In that regard, I also welcome the increases in the living alone allowance, the partial reintroduction of the Christmas bonus of one quarter and the changes, mentioned previously, to JobsPlus and the school meals programme. I also welcome that the Minister, on budget day, was in a position to announce a €100 subsidy for those in receipt of the household benefits package and who would be in most difficulty upon the introduction of water charges.
The Minister's announcement in this budget with regard to the new back-to-work family dividend highlights a problem that many of us would have come across, in particular in recent years, namely, that the unemployed are often disincentivised to go back to work because in doing so, they lose some of the ancillary benefits that the unemployed enjoy. This new measure is to be greatly welcomed as well.

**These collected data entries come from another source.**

(* There exist a connected analytic submanifold $S$ of $\mathbb{R}^2$ and $P\in\mathbb{R}[x_1,x_2;x_3]$ of degree $4$ in $x_3$ such that: (1) $P$ never nullifies on $S$; (2) $\mathrm{Disc}^4_{x_3}(P)$ is not the zero polynomial and is order-invariant on $S$; (3) $P$ is not projectively delineable over $S$. For instance, one may take $S=\{(x_1,x_2): x_1^2+x_2^2=1\}$ and $P=(1-x_1)x_3^4+4x_2x_3^3+(2+6x_1)x_3^2-4x_2x_3+(1-x_1)$.
   Context: For $\mathbf{x}_0\in\mathbb{R}^2$, $E_{\mathbf{x}_0}P$ is the univariate polynomial in $x_3$ obtained by substituting $\mathbf{x}_0$ for $(x_1,x_2)$; "$P$ never nullifies on $S$" means $E_{\mathbf{x}}P\ne0$ for all $\mathbf{x}\in S$. $\mathrm{Disc}^4_{x_3}(P)\in\mathbb{R}[x_1,x_2]$ is the discriminant of $P$ with respect to $x_3$ for formal degree $4$. For a polynomial $f$ and point $v$, $\mathrm{ord}(f,v)$ is the least total order of a partial derivative of $f$ nonzero at $v$; order-invariant on $S$ means constant order on $S$. $\mathbb{RP}^1$ is the quotient of $\mathbb{R}^2\setminus\{(0,0)\}$ by proportionality with the quotient topology; $(u:v)$ is the class of $(u,v)$. $H^4(P)(\mathbf{x},x_3,y)=\sum_{k=0}^4c_k(\mathbf{x})x_3^ky^{4-k}$ for $P=\sum_kc_k(\mathbf{x})x_3^k$. A projective root of a binary form $g(u,v)$ is $(u_0:v_0)$ with $g(u_0,v_0)=0$, with multiplicity (for $g\ne0$) the largest $m$ with $(v_0u-u_0v)^m\mid g$. $Z_{\mathbb{RP}^1}(P,S)=\{(\mathbf{x},(x_3:y))\in S\times\mathbb{RP}^1:H^4(P)(\mathbf{x},x_3,y)=0\}$. $P$ is projectively delineable on $S$ if there are $k\in\mathbb{N}$ and continuous $\theta_1,\dots,\theta_k:S\to\mathbb{RP}^1$ such that $Z_{\mathbb{RP}^1}(P,S)$ is the disjoint union of their graphs and, for each $l$, there is $m_l\ge1$ with $\theta_l(\mathbf{x})$ a projective root of $E_{\mathbf{x}}H^4(P)$ of multiplicity $m_l$ for all $\mathbf{x}\in S$. *)

theory Defs
  imports "HOL-Analysis.Analysis" "Subresultants.Resultant_Prelim"
begin
(* Let $\mathbb P=\mathrm{Cauchy}(l_1,s_1)$, $\mathbb Q=\mathrm{Cauchy}(l_2,s_2)$ with $s_1,s_2>0$ and $\delta=l_1-l_2$. Then \[ \rho_{1/2}(\mathbb P,\mathbb Q)=\int_{\mathbb R}\sqrt{p_{l_1,s_1}(x)p_{l_2,s_2}(x)}\,\mathrm dx=\frac{4\sqrt{s_1s_2}}{\pi\sqrt{(s_1+s_2)^2+\delta^2}}\,K\!\left(\frac{(s_1-s_2)^2+\delta^2}{(s_1+s_2)^2+\delta^2}\right), \] and $D_C(\mathbb P,\mathbb Q)=D_{B,1/2}(\mathbb P,\mathbb Q)=-\ln\rho_{1/2}(\mathbb P,\mathbb Q)$.
   Context: Cauchy density $p_{l,s}(x)=\frac{s}{\pi(s^2+(x-l)^2)}$ on $\mathbb R$. $K(m)=\int_0^{\pi/2}(1-m\sin^2u)^{-1/2}\,\mathrm du$ for $m\in[0,1)$ is the complete elliptic integral of the first kind. Unweighted quantities: $\rho_\alpha(\mathbb P,\mathbb Q)=\int_{\mathbb R}p_{l_1,s_1}^\alpha p_{l_2,s_2}^{1-\alpha}\,\mathrm dx$, $D_{B,\alpha}=-\ln\rho_\alpha$, $D_C(\mathbb P,\mathbb Q)=\max_{\alpha\in[0,1]}D_{B,\alpha}(\mathbb P,\mathbb Q)$. *)

theory Defs
  imports "HOL-Analysis.Analysis"
begin

definition cauchy_pdf :: "real \<Rightarrow> real \<Rightarrow> real \<Rightarrow> real" where
  "cauchy_pdf l s x = s / (pi * (s\<^sup>2 + (x - l)\<^sup>2))"

definition ellipK :: "real \<Rightarrow> real" where
  "ellipK m = (LBINT u=0..pi/2. 1 / sqrt (1 - m * (sin u)\<^sup>2))"

definition rho_cauchy :: "real \<Rightarrow> real \<Rightarrow> real \<Rightarrow> real \<Rightarrow> real \<Rightarrow> real" where
  "rho_cauchy \<alpha> l1 s1 l2 s2 =
     (LINT x|lborel. cauchy_pdf l1 s1 x powr \<alpha> * cauchy_pdf l2 s2 x powr (1 - \<alpha>))"

definition DB_cauchy :: "real \<Rightarrow> real \<Rightarrow> real \<Rightarrow> real \<Rightarrow> real \<Rightarrow> real" where
  "DB_cauchy \<alpha> l1 s1 l2 s2 = - ln (rho_cauchy \<alpha> l1 s1 l2 s2)"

I find myself in the unusual position of agreeing with some of the previous Opposition speakers on the housing issue. I welcome very much that the budget contained a €2 billion announcement in relation to the construction of local authority housing throughout the country over the next number of years. The fact is local authorities have not been in the business of building houses for many years. Needless to say, the housing lists in most parts of the country are lengthy and the number in receipt of rent allowance is astronomical. In my part of the world in Kilkenny, there are more than 2,500 applicants on the housing list, and many of them have been on it for quite a considerable period. Despite the announcement in the budget, the position remains that many local authorities, not least the one in my area, do not own much, if any, suitable land for housing development, and any increase in housing output by local authorities will be delayed by the fact that they must acquire land on which to build. The housing area, along with the child care area, which was mentioned in the debate, are probably two areas on which the Government needs to focus in the next 12 months in the lead-up to the next budget. It is highly unsatisfactory at this juncture that those waiting for housing live in unsatisfactory conditions and often do not receive enough in rent supplement to allow them continue to live where they are. The Government needs to address the issue urgently.
Deputy Tom Barry: I welcome the opportunity to speak on the Social Welfare Bill. I welcome the balance that has been struck here. As has been mentioned, there is the increase in the living alone allowance, the Christmas bonus, the €5 increase in children's allowance at a cost of €72 million - a lot of money - and the topical one, the €100 subsidy towards the water charge for those on the household benefits package.
In mentioning the household benefits package, we need to review it and ensure it has proper oversight because it has come to my attention that while the State pays significant ESB bills for those on household benefits, it has no oversight.